Single audits — required under the Single Audit Act for organizations spending $750,000 or more in federal funds — provide the critical missing data:
- Schedule of Expenditures of Federal Awards (SEFA): Itemizes federal dollars by program
- State appropriation line items: Cleanly separates state innovation funding from federal pass-through
- Audit verification: Numbers are independently verified by external auditors
By using single audits for the denominator (state appropriations) and 990 Schedule I for the numerator (direct grants to founders), the Direct Capital Ratio becomes transparent, replicable, and audit-verified.
Data Sources
- Federal Audit Clearinghouse (facweb.census.gov) — single audits with state appropriation data
- ProPublica Nonprofit Explorer (projects.propublica.org/nonprofits) — IRS Form 990 filings, Schedule I (grants to organizations)
- State budget documents — supplementary verification of appropriation amounts
Exclusions
- Federal pass-through funds are excluded from the denominator to ensure apples-to-apples comparison of state innovation dollars only
- In-kind contributions and non-cash grants are excluded
Rust Belt Comparative Data
| State | Organization | Direct Capital Ratio | Source |
|---|---|---|---|
| Pennsylvania | Innovation Works | 25¢ (FY2025) 42¢ (FY2023) |
Single audit + 990 Schedule I |
| Ohio | JumpStart Inc. | ~21¢ | Single audit + 990 Schedule I |
| Michigan | TBD | PENDING | Single audit search in progress |
| Wisconsin | TBD | PENDING | Single audit search in progress |
| Indiana | TBD | PENDING | Single audit search in progress |
Why This Matters in an AI Era
The 1983 intermediary model bundled capital with business planning, mentorship, market research, and advisory services.
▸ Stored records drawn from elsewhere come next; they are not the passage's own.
(* Consider the setting in the context. Let $\mathcal F=\{i_0,\dots,i_{\bar h-1}\}\subseteq[\bar n]$ be $\bar h$ distinct racks, $p\in[\bar h]$, and let $\widetilde{\mathbf{C}}$ be any codeword. (1) Let $b\in[1,u-v]$ and $\mathcal R\subseteq[\bar n]\setminus\mathcal F$ with $|\mathcal R|=\bar d$. For every $a\in[\bar s^{\bar n}]$ and $m\in[b]$, the quantities $\sum_{g=0}^{u-1}\theta^{gm}c^{(p+x)}_{i_pu+g,a}$ for $x\in[\bar s]$, and $H_{i_p,i}(a,m)$ for $i\in\mathcal F\setminus\{i_p\}$, are determined by (are linear functions of) the values $\{H_{i_p,j}(a',m): j\in\mathcal R,\ a'\in[\bar s^{\bar n}],\ m\in[b]\}$. (2) Let $b\in[u-v+1,u]$ and $\mathcal R'\subseteq[\bar n]\setminus\mathcal F$ with $|\mathcal R'|=\bar d+1$. For every $a\in[\bar s^{\bar n}]$ and $m\in[u-v,b)$, the quantities $\sum_{g=0}^{u-1}\theta^{gm}c^{(p+x)}_{i_pu+g,a}$ for $x\in[\bar s]$, and $H_{i_p,i}(a,m)$ for $i\in\mathcal F\setminus\{i_p\}$, are determined by (are linear functions of) the values $\{H_{i_p,j}(a',m): j\in\mathcal R',\ a'\in[\bar s^{\bar n}],\ m\in[u-v,b)\}$.
   Context: $[N]=\{0,\dots,N-1\}$. Integers: $\bar n,u\ge2$ (with $u>1$), $\bar k$, $0\le v<u$, $n=\bar nu$, $k=\bar ku+v$, $r=n-k$, $\bar r=\bar n-\bar k$ (so $r=\bar ru-v$); $\bar d,\bar h,\delta$ with $\delta\in[1,\bar h)$ and $\bar k\le\bar d\le\bar n-\bar h$; $\bar s=\bar d-\bar k+1$. $\mathbb{F}$ is a finite field with $|\mathbb{F}|\ge n\bar s+1$ containing an element $\theta$ of multiplicative order $u$; $\xi$ is a primitive element of $\mathbb{F}$ and $\lambda_{i,j}=\xi^{i\bar s+j}$ for $i\in[\bar n]$, $j\in[\bar s]$. For $a\in[\bar s^{\bar n}]$ write $a=\sum_{i}a_i\bar s^i$ with $a_i\in[\bar s]$, and let $a(i,j)$ denote the integer whose $\bar s$-ary digits equal those of $a$ except the $i$-th digit is $j$. The code $\widetilde{\mathbf{C}}$ consists of all arrays $(c^{(y)}_{iu+g,a})$ over $\mathbb{F}$, indexed by $i\in[\bar n]$, $g\in[u]$, $a\in[\bar s^{\bar n}]$, $y\in[\bar s+\bar h-\delta]$ (node $iu+g$ stores $(c^{(y)}_{iu+g,a})_{y,a}$, a vector of length $(\bar s+\bar h-\delta)\bar s^{\bar n}$), satisfying $\sum_{i=0}^{\bar n-1}\sum_{g=0}^{u-1}\theta^{gt}\lambda_{i,a_i}^t c^{(y)}_{iu+g,a}=0$ for all $t\in[r]$, $a\in[\bar s^{\bar n}]$, $y\in[\bar s+\bar h-\delta]$. For $p\in[\bar h]$, rack $j\in[\bar n]\setminus\{i_p\}$, $a\in[\bar s^{\bar n}]$ and integer $m$, define $H_{i_p,j}(a,m)=\sum_{x=0}^{\bar s-1}\sum_{g=0}^{u-1}\theta^{gm}c^{(p+x)}_{ju+g,\,a(i_p,\,a_{i_p}\oplus x)}$, where superscripts are taken modulo $\bar s+\bar h-\delta$ and $\oplus$ is addition modulo $\bar s$. *)

theory Defs
  imports Main
begin

definition has_mult_order :: "'a::field \<Rightarrow> nat \<Rightarrow> bool" where
  "has_mult_order \<theta> u \<longleftrightarrow> 0 < u \<and> \<theta> ^ u = 1 \<and> (\<forall>k. 0 < k \<and> k < u \<longrightarrow> \<theta> ^ k \<noteq> 1)"

definition primitive_elem :: "'a::field \<Rightarrow> bool" where
  "primitive_elem \<xi> \<longleftrightarrow> (\<forall>x. x \<noteq> 0 \<longrightarrow> (\<exists>k::nat. x = \<xi> ^ k))"

definition digit :: "nat \<Rightarrow> nat \<Rightarrow> nat \<Rightarrow> nat" where
  "digit s a i = (a div s ^ i) mod s"

definition setdig :: "nat \<Rightarrow> nat \<Rightarrow> nat \<Rightarrow> nat \<Rightarrow> nat" where
  "setdig s a i j = a - digit s a i * s ^ i + j * s ^ i"

definition lam :: "'a::field \<Rightarrow> nat \<Rightarrow> nat \<Rightarrow> nat \<Rightarrow> 'a" where
  "lam \<xi> s i j = \<xi> ^ (i * s + j)"

text \<open>Codeword condition. c y node a = c^{(y)}_{node,a}; L = s + h - delta.\<close>
definition is_codeword :: "'a::field \<Rightarrow> 'a \<Rightarrow> nat \<Rightarrow> nat \<Rightarrow> nat \<Rightarrow> nat \<Rightarrow> nat
    \<Rightarrow> (nat \<Rightarrow> nat \<Rightarrow> nat \<Rightarrow> 'a) \<Rightarrow> bool" where
  "is_codeword \<theta> \<xi> nb u s r L c \<longleftrightarrow>
     (\<forall>t<r. \<forall>a<s ^ nb. \<forall>y<L.
        (\<Sum>i<nb. \<Sum>g<u. \<theta> ^ (g * t) * (lam \<xi> s i (digit s a i)) ^ t * c y (i * u + g) a) = 0)"

text \<open>H_{i_p,j}(a,m) (superscripts mod L, digit addition mod s).\<close>
definition Hval :: "'a::field \<Rightarrow> nat \<Rightarrow> nat \<Rightarrow> nat \<Rightarrow> (nat \<Rightarrow> nat \<Rightarrow> nat \<Rightarrow> 'a)
    \<Rightarrow> nat \<Rightarrow> nat \<Rightarrow> nat \<Rightarrow> nat \<Rightarrow> nat \<Rightarrow> 'a" where
  "Hval \<theta> u s L c p ip j a m =
     (\<Sum>x<s. \<Sum>g<u. \<theta> ^ (g * m) *
        c ((p + x) mod L) (j * u + g) (setdig s a ip ((digit s a ip + x) mod s)))"

definition Nodeval :: "'a::field \<Rightarrow> nat \<Rightarrow> (nat \<Rightarrow> nat \<Rightarrow> nat \<Rightarrow> 'a)
    \<Rightarrow> nat \<Rightarrow> nat \<Rightarrow> nat \<Rightarrow> nat \<Rightarrow> 'a" where
  "Nodeval \<theta> u c y i a m = (\<Sum>g<u. \<theta> ^ (g * m) * c y (i * u + g) a)"

definition lin_det :: "'a::field \<Rightarrow> 'a \<Rightarrow> nat \<Rightarrow> nat \<Rightarrow> nat \<Rightarrow> nat \<Rightarrow> nat
    \<Rightarrow> nat \<Rightarrow> nat \<Rightarrow> nat set \<Rightarrow> nat set
    \<Rightarrow> ((nat \<Rightarrow> nat \<Rightarrow> nat \<Rightarrow> 'a) \<Rightarrow> 'a) \<Rightarrow> bool" where
  "lin_det \<theta> \<xi> nb u s r L p ip R M q \<longleftrightarrow>
     (\<exists>coef :: nat \<Rightarrow> nat \<Rightarrow> nat \<Rightarrow> 'a. \<forall>c. is_codeword \<theta> \<xi> nb u s r L c \<longrightarrow>
        q c = (\<Sum>j\<in>R. \<Sum>a'<s ^ nb. \<Sum>m'\<in>M. coef j a' m' * Hval \<theta> u s L c p ip j a' m'))"

end

theory Submission
  imports Defs "HOL-Computational_Algebra.Polynomial" "HOL-Number_Theory.Cong"
begin

text \<open>Apply the parity checks with rows \<open>t = m + u w\<close> to the \<open>s\<close>
  shifted words \<open>a(i\<^sub>p, a\<^sub>i\<^sub>p \<oplus> x)\<close> in layer \<open>p + x\<close> and add them up over \<open>x\<close>. Because
  \<open>\<theta> ^ u = 1\<close>, the factor \<open>\<theta> ^ (g t)\<close> becomes \<open>\<theta> ^ (g m)\<close>. A helper rack \<open>i\<close> then
  contributes \<open>\<lambda>\<^sub>i\<^sub>,\<^sub>a\<^sub>i ^ (u w + m)\<close> times \<open>H\<^sub>i\<^sub>p\<^sub>,\<^sub>i(a, m)\<close>, while rack \<open>i\<^sub>p\<close> keeps
  its \<open>s\<close> node sums apart. This gives a Vandermonde system in the \<open>nb - 1 + s\<close> distinct
  points \<open>\<lambda> ^ u\<close>. Once the values of the helper racks in \<open>R\<close> are known, at most
  \<open>nb - kb\<close> unknowns remain (\<open>nb - kb - 1\<close> in the second case). The same number of
  rows \<open>w\<close> keep \<open>m + u w\<close> below \<open>r\<close>, so every remaining unknown is a linear
  combination of the known ones.\<close>

section \<open>Vandermonde elimination\<close>

lemma power_sums_vanish_imp_poly_sum_vanish:
  fixes Z V :: "'b \<Rightarrow> 'a::field"
  assumes "degree P < N" and "\<forall>w<N. (\<Sum>k\<in>J. Z k ^ w * V k) = 0"
  shows "(\<Sum>k\<in>J. poly P (Z k) * V k) = 0"
proof -
  have poly_P: "poly P x = (\<Sum>w<N. coeff P w * x ^ w)" for x
    unfolding poly_altdef using assms(1)
    by (intro sum.mono_neutral_left) (auto simp: coeff_eq_0)
  have "(\<Sum>k\<in>J. poly P (Z k) * V k) = (\<Sum>w<N. coeff P w * (\<Sum>k\<in>J. Z k ^ w * V k))"
    unfolding poly_P sum_distrib_left sum_distrib_right by (subst sum.swap) (simp add: mult_ac)
  also have "\<dots> = 0" using assms(2) by simp
  finally show ?thesis .
qed

text \<open>Pairing the power sums with the polynomial that vanishes at the points of the
  other unknowns isolates the unknown at \<open>t\<close>.\<close>

lemma vandermonde_elimination:
  fixes Z :: "'b \<Rightarrow> 'a::field"
  assumes J: "finite J" and R: "R \<subseteq> J" and t: "t \<in> J - R"
    and Z: "inj_on Z J" and N: "card (J - R) \<le> N"
  shows "\<exists>coef. \<forall>V. (\<forall>w<N. (\<Sum>k\<in>J. Z k ^ w * V k) = 0) \<longrightarrow> V t = (\<Sum>k\<in>R. coef k * V k)"
proof -
  define S where "S = J - R - {t}"
  define P where "P = (\<Prod>k\<in>S. [:- Z k, 1:])"
  have S: "finite S" using J by (simp add: S_def)
  have "degree P \<le> card S"
    using degree_prod_sum_le[OF S, of "\<lambda>k. [:- Z k, 1:]"] by (simp add: P_def)
  also have "card S < card (J - R)"
    unfolding S_def using J t by (intro card_Diff1_less) auto
  finally have deg: "degree P < N" using N by linarith
  have poly_P: "poly P x = (\<Prod>k\<in>S. x - Z k)" for x by (simp add: P_def poly_prod)
  have P_t: "poly P (Z t) \<noteq> 0"
    using S t Z by (auto simp: poly_P S_def dest: inj_onD)
  have P_S: "poly P (Z k) = 0" if "k \<in> S" for k
    using S that by (auto simp: poly_P)
  have J_split: "J = R \<union> (insert t S)" using R t by (auto simp: S_def)
  show ?thesis
  proof (intro exI allI impI)
    fix V :: "'b \<Rightarrow> 'a"
    assume "\<forall>w<N. (\<Sum>k\<in>J. Z k ^ w * V k) = 0"
    then have "0 = (\<Sum>k\<in>J. poly P (Z k) * V k)"
      using power_sums_vanish_imp_poly_sum_vanish[OF deg] by simp
    also have "\<dots> = (\<Sum>k\<in>R. poly P (Z k) * V k) + (\<Sum>k\<in>insert t S. poly P (Z k) * V k)"
      unfolding J_split using J R S t by (intro sum.union_disjoint) (auto simp: S_def finite_subset)
    also have "(\<Sum>k\<in>insert t S. poly P (Z k) * V k) = poly P (Z t) * V t"
      using S P_S by (subst sum.insert) (auto simp: S_def)
    finally have "V t = - (\<Sum>k\<in>R. poly P (Z k) * V k) / poly P (Z t)"
      using P_t by (simp add: field_simps eq_neg_iff_add_eq_0)
    then show "V t = (\<Sum>k\<in>R. - poly P (Z k) / poly P (Z t) * V k)"
      by (simp add: sum_divide_distrib sum_negf)
  qed
qed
These knowledge-worker services are now commoditized by AI tools available for ~$200/month.
Direct capital is the only scarce resource the state should be providing.
Efficient state funding (75% direct-to-founder) acts as catalytic capital: it signals quality, provides first-loss de-risking, and attracts private follow-on investment rather than substituting for it.
Methodological Note
For states where the relevant intermediary does not cross the $750K federal spending threshold (and therefore has no single audit), the fallback methodology is:
- State appropriation from legislative budget documents
- Direct grants from 990 Schedule I
- Manual calculation with full source citation
This approach maintains transparency but introduces minor variance due to differences in state budget reporting standards. All calculations and source documents are publicly available for independent verification.